4. Now, run the code below as your starting point if you plan to automate the sync schedule and status monitoring.

This code calculates the elapsed time since the last sync and compares it you the CurrentlyEffectiveSyncCycleInterval value in the scheduler.

$now = Get-Date
$syncCycleInterval = [int](Get-ADSyncScheduler).CurrentlyEffectiveSyncCycleInterval.TotalMinutes
$lastSync = (Get-MsolCompanyInformation).LastDirSyncTime.ToLocalTime()
$totalMinutesSinceLastSync = [int](New-TimeSpan -Start $lastSync -End $now).TotalMinutes

if ($totalMinutesSinceLastSync -lt $syncCycleInterval ) {
    "Sync is GOOD (within [$totalMinutesSinceLastSync] minutes of the [$syncCycleInterval] minute interval)"
} else {
    "Sync is BAD (last sync was [$totalMinutesSinceLastSync] minutes ago, which is beyond the [$syncCycleInterval] minute interval)"
}

Below is the sample result, but you can still improve this script by adding a notification system and scheduling it to run using the Task Scheduler.
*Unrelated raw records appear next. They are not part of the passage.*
lemma cf_N_pos:
  assumes "0 < \<epsilon>" "\<epsilon> < 1"
  shows "0 < cf_N \<alpha> \<epsilon>"
proof -
  have "cf_d \<alpha> 0 = 1"
    by (simp add: cf_d_def)
  then show ?thesis
    using cf_d_cf_N_le[OF assms(1)] assms(2) by (metis gr0I not_le)
qed

lemma cf_N_eq_of_proportional:
  fixes p q :: nat
  assumes "0 < \<epsilon>" "coprime p q" "0 < cf_q \<alpha> (cf_N \<alpha> \<epsilon>)"
    and proportional: "cf_p \<alpha> (cf_N \<alpha> \<epsilon>) * q = p * cf_q \<alpha> (cf_N \<alpha> \<epsilon>)"
  shows "cf_q \<alpha> (cf_N \<alpha> \<epsilon>) = q \<and> cf_p \<alpha> (cf_N \<alpha> \<epsilon>) = p"
proof -
  define N where "N = cf_N \<alpha> \<epsilon>"
  have "q dvd cf_q \<alpha> N"
    using proportional \<open>coprime p q\<close> coprime_dvd_mult_right_iff[of q p]
    by (metis N_def coprime_commute dvd_triv_right)
  then obtain c where qN: "cf_q \<alpha> N = q * c"
    by blast
  then have "0 < q" "1 \<le> c"
    using \<open>0 < cf_q \<alpha> (cf_N \<alpha> \<epsilon>)\<close> by (auto simp: N_def)
  moreover from this have pN: "cf_p \<alpha> N = p * c"
    using proportional qN by (simp add: N_def)
  have "real (q * c) * \<alpha> - real (p * c) = real c * (real q * \<alpha> - real p)"
    by (simp add: algebra_simps)
  then have "real c * \<bar>real q * \<alpha> - real p\<bar> = cf_d \<alpha> N"
    by (simp add: cf_d_def qN pN abs_mult)
  then have "real c * \<bar>real q * \<alpha> - real p\<bar> \<le> \<epsilon>"
    using cf_d_cf_N_le[OF assms(1)] by (simp add: N_def)
  moreover have "\<bar>real q * \<alpha> - real p\<bar> \<le> real c * \<bar>real q * \<alpha> - real p\<bar>"
    using \<open>1 \<le> c\<close> mult_right_mono[of 1 "real c" "\<bar>real q * \<alpha> - real p\<bar>"] by simp
  ultimately have "cf_q \<alpha> N \<le> q"
    using cf_q_cf_N_le[of q "int p" \<epsilon>] \<open>0 < q\<close> by (simp add: N_def)
  then have "c = 1"
    using qN \<open>0 < q\<close> \<open>1 \<le> c\<close> by simp
  then show ?thesis
    using qN pN by (simp add: N_def)
qed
Monitoring the delta sync status with a PowerShell script
Monitoring the delta sync status with a PowerShell script

Conclusion

Whenever you’re changing AD object properties, you can wait for the changes to reflect in Azure AD, or you trigger a delta sync immediately. Delta sync is helpful in troubleshooting, maintenance, or reconfiguration in Azure AD Connect.

When customizing the synchronization schedule, always consider that a delta sync must happen within seven days after the last sync cycle, whether the previous cycle was a delta sync or full sync.

Thank you for reading, and enjoy learning!